▶ Aim of the exercise: Transcribe exactly everything in the data below from the line containing "Conditionally on F, the" down to the line containing "if |a| <= K and", both lines included and nothing further.

▶ Available records:
+ + +
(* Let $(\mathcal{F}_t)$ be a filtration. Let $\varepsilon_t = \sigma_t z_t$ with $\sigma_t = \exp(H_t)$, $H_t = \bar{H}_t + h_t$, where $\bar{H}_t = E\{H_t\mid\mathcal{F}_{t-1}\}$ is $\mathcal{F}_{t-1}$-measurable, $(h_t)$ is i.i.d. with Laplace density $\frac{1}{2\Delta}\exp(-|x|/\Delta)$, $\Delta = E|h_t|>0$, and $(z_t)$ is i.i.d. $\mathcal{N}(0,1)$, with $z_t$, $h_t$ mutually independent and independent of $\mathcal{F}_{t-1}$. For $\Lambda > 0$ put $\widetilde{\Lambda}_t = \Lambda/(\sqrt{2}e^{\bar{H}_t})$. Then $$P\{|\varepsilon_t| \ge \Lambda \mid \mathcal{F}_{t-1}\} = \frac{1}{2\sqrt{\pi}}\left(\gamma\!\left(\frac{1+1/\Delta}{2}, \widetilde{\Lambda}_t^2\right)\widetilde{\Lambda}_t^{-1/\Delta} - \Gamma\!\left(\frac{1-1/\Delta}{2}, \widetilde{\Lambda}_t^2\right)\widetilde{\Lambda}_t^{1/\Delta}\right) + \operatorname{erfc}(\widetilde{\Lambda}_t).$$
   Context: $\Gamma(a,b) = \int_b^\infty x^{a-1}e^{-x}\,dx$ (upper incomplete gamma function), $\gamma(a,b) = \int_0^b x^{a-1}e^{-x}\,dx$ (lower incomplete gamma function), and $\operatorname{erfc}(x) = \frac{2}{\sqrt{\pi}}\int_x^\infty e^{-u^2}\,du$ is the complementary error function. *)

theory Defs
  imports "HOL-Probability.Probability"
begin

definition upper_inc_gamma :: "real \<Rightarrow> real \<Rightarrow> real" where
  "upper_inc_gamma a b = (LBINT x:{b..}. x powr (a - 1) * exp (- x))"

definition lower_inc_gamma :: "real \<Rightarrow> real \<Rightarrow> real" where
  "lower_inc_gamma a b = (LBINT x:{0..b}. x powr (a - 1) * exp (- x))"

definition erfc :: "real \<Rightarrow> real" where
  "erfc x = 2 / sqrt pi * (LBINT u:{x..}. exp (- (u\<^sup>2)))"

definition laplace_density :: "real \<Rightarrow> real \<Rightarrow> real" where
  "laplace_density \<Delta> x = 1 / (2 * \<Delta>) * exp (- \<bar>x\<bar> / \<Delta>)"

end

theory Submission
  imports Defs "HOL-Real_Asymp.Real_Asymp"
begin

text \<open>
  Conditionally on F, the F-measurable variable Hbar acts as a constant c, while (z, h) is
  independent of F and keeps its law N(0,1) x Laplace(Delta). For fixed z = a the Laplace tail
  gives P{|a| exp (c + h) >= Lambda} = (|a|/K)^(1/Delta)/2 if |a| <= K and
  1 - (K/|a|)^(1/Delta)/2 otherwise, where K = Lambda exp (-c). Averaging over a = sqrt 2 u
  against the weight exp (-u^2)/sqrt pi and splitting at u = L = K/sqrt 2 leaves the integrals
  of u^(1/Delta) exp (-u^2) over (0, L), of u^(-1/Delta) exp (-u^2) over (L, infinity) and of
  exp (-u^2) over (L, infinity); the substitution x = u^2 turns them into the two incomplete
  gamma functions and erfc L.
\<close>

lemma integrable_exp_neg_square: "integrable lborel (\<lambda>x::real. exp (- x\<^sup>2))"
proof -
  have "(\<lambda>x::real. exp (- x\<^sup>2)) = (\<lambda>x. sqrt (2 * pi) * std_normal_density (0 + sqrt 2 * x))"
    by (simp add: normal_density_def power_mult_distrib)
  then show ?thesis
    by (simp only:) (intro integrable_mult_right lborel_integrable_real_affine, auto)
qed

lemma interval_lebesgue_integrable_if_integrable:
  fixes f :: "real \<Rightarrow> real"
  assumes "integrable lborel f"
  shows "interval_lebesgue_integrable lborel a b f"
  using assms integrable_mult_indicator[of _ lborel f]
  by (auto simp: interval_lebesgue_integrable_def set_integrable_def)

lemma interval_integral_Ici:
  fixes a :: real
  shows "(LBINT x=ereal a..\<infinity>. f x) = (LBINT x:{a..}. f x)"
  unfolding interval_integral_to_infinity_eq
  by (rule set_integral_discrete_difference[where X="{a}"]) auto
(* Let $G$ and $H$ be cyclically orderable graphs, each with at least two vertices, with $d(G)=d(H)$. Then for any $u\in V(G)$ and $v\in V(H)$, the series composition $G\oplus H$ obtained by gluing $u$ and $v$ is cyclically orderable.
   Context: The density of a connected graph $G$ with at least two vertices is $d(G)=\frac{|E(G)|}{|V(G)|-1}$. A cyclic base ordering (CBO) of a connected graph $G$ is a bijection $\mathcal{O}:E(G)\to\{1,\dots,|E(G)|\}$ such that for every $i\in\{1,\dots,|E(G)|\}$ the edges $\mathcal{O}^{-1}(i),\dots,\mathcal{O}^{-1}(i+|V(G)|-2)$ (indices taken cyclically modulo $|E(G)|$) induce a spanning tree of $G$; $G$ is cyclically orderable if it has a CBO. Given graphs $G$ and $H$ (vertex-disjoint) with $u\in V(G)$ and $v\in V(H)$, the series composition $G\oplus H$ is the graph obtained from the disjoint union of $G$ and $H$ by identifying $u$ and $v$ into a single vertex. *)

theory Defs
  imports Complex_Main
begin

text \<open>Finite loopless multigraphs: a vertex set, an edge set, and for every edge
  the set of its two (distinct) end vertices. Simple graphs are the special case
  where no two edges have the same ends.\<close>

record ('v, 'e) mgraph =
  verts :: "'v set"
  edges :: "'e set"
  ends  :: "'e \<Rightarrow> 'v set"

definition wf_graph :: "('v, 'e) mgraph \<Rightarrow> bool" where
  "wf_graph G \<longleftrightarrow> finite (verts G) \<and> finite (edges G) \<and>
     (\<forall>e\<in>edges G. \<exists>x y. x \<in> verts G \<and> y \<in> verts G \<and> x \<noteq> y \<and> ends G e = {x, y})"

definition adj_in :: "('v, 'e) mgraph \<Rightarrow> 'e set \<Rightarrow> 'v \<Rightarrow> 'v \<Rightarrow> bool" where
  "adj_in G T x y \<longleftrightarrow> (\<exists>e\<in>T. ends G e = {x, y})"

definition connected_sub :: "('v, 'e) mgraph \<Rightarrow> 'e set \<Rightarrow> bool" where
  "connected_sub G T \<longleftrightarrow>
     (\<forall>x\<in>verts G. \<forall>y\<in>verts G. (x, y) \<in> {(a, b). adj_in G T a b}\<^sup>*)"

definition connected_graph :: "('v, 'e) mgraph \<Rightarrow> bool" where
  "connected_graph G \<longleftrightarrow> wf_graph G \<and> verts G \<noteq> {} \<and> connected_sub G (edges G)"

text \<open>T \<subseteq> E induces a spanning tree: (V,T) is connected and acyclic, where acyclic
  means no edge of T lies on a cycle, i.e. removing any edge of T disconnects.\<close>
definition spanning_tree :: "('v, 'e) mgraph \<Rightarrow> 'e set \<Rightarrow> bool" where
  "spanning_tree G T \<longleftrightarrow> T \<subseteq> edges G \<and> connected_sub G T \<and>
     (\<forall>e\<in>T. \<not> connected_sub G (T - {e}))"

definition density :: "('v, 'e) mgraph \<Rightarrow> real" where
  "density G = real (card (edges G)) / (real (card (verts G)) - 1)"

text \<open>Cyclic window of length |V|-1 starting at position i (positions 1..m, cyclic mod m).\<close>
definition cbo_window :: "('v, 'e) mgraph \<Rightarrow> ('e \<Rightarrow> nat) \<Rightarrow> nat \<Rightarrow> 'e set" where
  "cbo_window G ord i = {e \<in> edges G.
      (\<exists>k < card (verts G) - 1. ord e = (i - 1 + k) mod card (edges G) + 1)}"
+ + +
▶ Exercise response:
  Conditionally on F, the F-measurable variable Hbar acts as a constant c, while (z, h) is
  independent of F and keeps its law N(0,1) x Laplace(Delta). For fixed z = a the Laplace tail
  gives P{|a| exp (c + h) >= Lambda} = (|a|/K)^(1/Delta)/2 if |a| <= K and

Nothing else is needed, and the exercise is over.